(* Let $C$ be a commutative semigroup and let $I$ be an ideal of $C$ with $\mathrm{Sep}\, I\neq\emptyset$. Then $P_I$ is a congruence on $C$ such that $I$ and $\mathrm{Sep}\, I$ are $P_I$-classes of $C$, and the factor semigroup $S=C/P_I$ satisfies Condition $( * )$. Conversely, if $\alpha$ is a congruence on a commutative semigroup $C$ such that the factor semigroup $C/\alpha$ satisfies Condition $( * )$, then there is an ideal $I$ of $C$ such that $\alpha=P_I$.
   Context: For a semigroup $S$ and a subset $A\subseteq S$, the idealizer of $A$ is $\mathrm{Id}\,A=\{x\in S: xA\subseteq A,\ Ax\subseteq A\}$ (so $\mathrm{Id}\,\emptyset=S$), and the separator of $A$ is $\mathrm{Sep}\,A=\mathrm{Id}\,A\cap \mathrm{Id}(S\setminus A)$. For $H\subseteq S$ and $a\in S$, let $H\dots a=\{(x,y)\in S\times S: xay\in H\}$ (here $x,y$ range over $S$), and let $P_H=\{(a,b)\in S\times S: H\dots a=H\dots b\}$, the principal congruence on $S$ defined by $H$. For a commutative semigroup $S$ with zero $0$ and $s\in S$, the annihilator is $A(s)=\{x\in S: xs=0\}$. A semigroup $S$ satisfies Condition $( * )$ if: (1) $S$ is a commutative monoid with a zero; (2) for every non-identity element $s$ of $S$, $A(s)\neq\{0\}$; (3) for all $s,t\in S$, $A(s)=A(t)$ implies $s=t$. (A one-element semigroup satisfies Condition $( * )$.) *)

theory Defs
  imports Main
begin

definition sg_ideal :: "'a::ab_semigroup_mult set \<Rightarrow> bool" where
  "sg_ideal I \<longleftrightarrow> I \<noteq> {} \<and> (\<forall>s a. a \<in> I \<longrightarrow> s * a \<in> I \<and> a * s \<in> I)"

definition idealizer :: "'a::ab_semigroup_mult set \<Rightarrow> 'a set" where
  "idealizer A = {x. (\<forall>a\<in>A. x * a \<in> A) \<and> (\<forall>a\<in>A. a * x \<in> A)}"

definition separator :: "'a::ab_semigroup_mult set \<Rightarrow> 'a set" where
  "separator A = idealizer A \<inter> idealizer (- A)"

definition resid :: "'a::ab_semigroup_mult set \<Rightarrow> 'a \<Rightarrow> ('a \<times> 'a) set" where
  "resid H a = {(x, y). x * a * y \<in> H}"

definition princ_cong :: "'a::ab_semigroup_mult set \<Rightarrow> 'a rel" where
  "princ_cong H = {(a, b). resid H a = resid H b}"

definition sg_congruence :: "'a::ab_semigroup_mult rel \<Rightarrow> bool" where
  "sg_congruence \<alpha> \<longleftrightarrow> equiv UNIV \<alpha> \<and>
     (\<forall>a b c. (a, b) \<in> \<alpha> \<longrightarrow> (a * c, b * c) \<in> \<alpha> \<and> (c * a, c * b) \<in> \<alpha>)"

(* multiplication of classes in the factor semigroup C/alpha (well defined for congruences) *)
definition quot_mult :: "'a::ab_semigroup_mult rel \<Rightarrow> 'a set \<Rightarrow> 'a set \<Rightarrow> 'a set" where
  "quot_mult \<alpha> X Y = \<alpha> `` {(SOME x. x \<in> X) * (SOME y. y \<in> Y)}"

definition annih :: "'b set \<Rightarrow> ('b \<Rightarrow> 'b \<Rightarrow> 'b) \<Rightarrow> 'b \<Rightarrow> 'b \<Rightarrow> 'b set" where
  "annih S m z s = {x \<in> S. m x s = z}"

definition cond_star :: "'b set \<Rightarrow> ('b \<Rightarrow> 'b \<Rightarrow> 'b) \<Rightarrow> bool" where
  "cond_star S m \<longleftrightarrow>
     (\<forall>x\<in>S. \<forall>y\<in>S. m x y \<in> S) \<and>
     (\<forall>x\<in>S. \<forall>y\<in>S. \<forall>w\<in>S. m (m x y) w = m x (m y w)) \<and>
     (\<forall>x\<in>S. \<forall>y\<in>S. m x y = m y x) \<and>
     (\<exists>e\<in>S. \<exists>z\<in>S. (\<forall>x\<in>S. m e x = x \<and> m x e = x) \<and>
        (\<forall>x\<in>S. m z x = z \<and> m x z = z) \<and>
        (\<forall>s\<in>S. s \<noteq> e \<longrightarrow> annih S m z s \<noteq> {z}) \<and>
        (\<forall>s\<in>S. \<forall>t\<in>S. annih S m z s = annih S m z t \<longrightarrow> s = t))"

end

theory Submission
  imports Defs
begin

text \<open>
  Condition (*) on a quotient C/\<alpha> of a commutative semigroup can be read off elementwise: it asks
  for an element e acting as identity modulo \<alpha>, an element z absorbing everything modulo \<alpha>, and
  that the class of a is determined by the set of u with u a \<equiv> z, this set being larger than
  the class of z unless a \<equiv> e.
  For \<alpha> = P_I the relation u a \<equiv> z means u a \<in> I, since I is the class of any of its members;
  any s \<in> Sep I plays the role of e, because s v \<in> I exactly when v \<in> I.
  Conversely, if C/\<alpha> satisfies (*), the zero class I is an ideal, and using the identity class
  one sees that a \<equiv> b modulo P_I says precisely that a and b have the same annihilator modulo \<alpha>.
\<close>

lemma princ_cong_iff:
  "(a, b) \<in> princ_cong H \<longleftrightarrow> (\<forall>x y. x * a * y \<in> H \<longleftrightarrow> x * b * y \<in> H)"
  by (auto simp: princ_cong_def resid_def set_eq_iff)

lemma princ_congI:
  assumes "\<And>u. u * a \<in> H \<longleftrightarrow> u * b \<in> H"
  shows "(a, b) \<in> princ_cong H"
  unfolding princ_cong_iff
proof (intro allI)
  fix x y
  have "x * a * y = (x * y) * a" "x * b * y = (x * y) * b"
    by (simp_all add: ac_simps)
  then show "x * a * y \<in> H \<longleftrightarrow> x * b * y \<in> H"
    using assms[of "x * y"] by simp
qed

lemma sg_congruence_princ_cong: "sg_congruence (princ_cong H)"
proof -
  have "equiv UNIV (princ_cong H)"
    by (auto simp: equiv_def refl_on_def sym_def trans_def princ_cong_def)
  moreover have "(a * c, b * c) \<in> princ_cong H \<and> (c * a, c * b) \<in> princ_cong H"
    if "(a, b) \<in> princ_cong H" for a b c
  proof -
    have "x * (a * c) * y \<in> H \<longleftrightarrow> x * (b * c) * y \<in> H"
      and "x * (c * a) * y \<in> H \<longleftrightarrow> x * (c * b) * y \<in> H" for x y
      using that[unfolded princ_cong_iff, rule_format, of x "c * y"]
      by (simp_all add: ac_simps)
    then show ?thesis
      by (simp add: princ_cong_iff)
  qed
  ultimately show ?thesis
    by (simp add: sg_congruence_def)
qed

lemma separator_ideal_iff:
  assumes "sg_ideal I"
  shows "s \<in> separator I \<longleftrightarrow> (\<forall>v. s * v \<in> I \<longleftrightarrow> v \<in> I)"
proof -
  have "idealizer I = UNIV"
    using assms by (auto simp: idealizer_def sg_ideal_def)
  moreover have "s \<in> idealizer (- I) \<longleftrightarrow> (\<forall>v. v \<notin> I \<longrightarrow> s * v \<notin> I)"
    by (auto simp: idealizer_def mult.commute)
  ultimately show ?thesis
    using assms by (auto simp: separator_def sg_ideal_def)
qed

lemma princ_cong_class_ideal:
  assumes I: "sg_ideal I" and a: "a \<in> I" and s: "s \<in> separator I"
  shows "princ_cong I `` {a} = I"
proof (intro set_eqI iffI)
  fix b
  assume "b \<in> princ_cong I `` {a}"
  then have "s * a * s \<in> I \<longleftrightarrow> s * b * s \<in> I"
    by (simp add: princ_cong_iff)
  moreover have "s * a * s = (s * s) * a" "s * b * s = s * (s * b)"
    by (simp_all add: ac_simps)
  ultimately show "b \<in> I"
    using I a s by (simp add: separator_ideal_iff sg_ideal_def)
next
  fix b
  assume "b \<in> I"
  with I a show "b \<in> princ_cong I `` {a}"
    by (auto simp: sg_ideal_def intro!: princ_congI)
qed

lemma princ_cong_class_separator:
  assumes I: "sg_ideal I" and s: "s \<in> separator I"
  shows "princ_cong I `` {s} = separator I"
proof (intro set_eqI iffI)
  fix b
  assume "b \<in> princ_cong I `` {s}"
  then have sb: "s * b * v \<in> I \<longleftrightarrow> s * s * v \<in> I" for v
    by (simp add: princ_cong_iff)
  have "b * v \<in> I \<longleftrightarrow> v \<in> I" for v
    using sb[of v] s I by (simp add: separator_ideal_iff mult.assoc)
  then show "b \<in> separator I"
    using I by (simp add: separator_ideal_iff)
next
  fix b
  assume "b \<in> separator I"
  then show "b \<in> princ_cong I `` {s}"
    using s I by (auto simp: separator_ideal_iff mult.commute intro!: princ_congI)
qed

lemma sg_congruence_equiv: "sg_congruence \<alpha> \<Longrightarrow> equiv UNIV \<alpha>"
  by (simp add: sg_congruence_def)

lemma sg_congruence_class_eq_iff:
  "sg_congruence \<alpha> \<Longrightarrow> \<alpha> `` {a} = \<alpha> `` {b} \<longleftrightarrow> (a, b) \<in> \<alpha>"
  by (rule eq_equiv_class_iff[OF sg_congruence_equiv]) simp_all

lemma sg_congruence_mult_both:
  assumes "sg_congruence \<alpha>" "(a, b) \<in> \<alpha>"
  shows "(x * a * y, x * b * y) \<in> \<alpha>"
  using assms unfolding sg_congruence_def by blast

lemma quot_mult_classes:
  assumes C: "sg_congruence \<alpha>"
  shows "quot_mult \<alpha> (\<alpha> `` {a}) (\<alpha> `` {b}) = \<alpha> `` {a * b}"
proof -
  have E: "equiv UNIV \<alpha>"
    using C by (rule sg_congruence_equiv)
  define x where "x = (SOME x. x \<in> \<alpha> `` {a})"
  define y where "y = (SOME y. y \<in> \<alpha> `` {b})"
  have "x \<in> \<alpha> `` {a}" "y \<in> \<alpha> `` {b}"
    unfolding x_def y_def by (rule someI, rule equiv_class_self[OF E], simp)+
  then have "(a * b, x * b) \<in> \<alpha>" "(x * b, x * y) \<in> \<alpha>"
    using C unfolding sg_congruence_def by auto
  then have "(a * b, x * y) \<in> \<alpha>"
    using E by (meson equiv_def trans_def)
  then show ?thesis
    unfolding quot_mult_def x_def[symmetric] y_def[symmetric]
    by (simp add: equiv_class_eq[OF E])
qed

lemma mem_annih_quotient_iff:
  assumes "sg_congruence \<alpha>"
  shows "\<alpha> `` {u} \<in> annih (UNIV // \<alpha>) (quot_mult \<alpha>) (\<alpha> `` {z}) (\<alpha> `` {a}) \<longleftrightarrow> (u * a, z) \<in> \<alpha>"
  using assms by (simp add: annih_def quotientI quot_mult_classes sg_congruence_class_eq_iff)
··········
▸ Task item: Return a copy of each line in the records above that has "thesis" in it.

▸ Output below:
    then show ?thesis
  ultimately show ?thesis
  ultimately show ?thesis
  then show ?thesis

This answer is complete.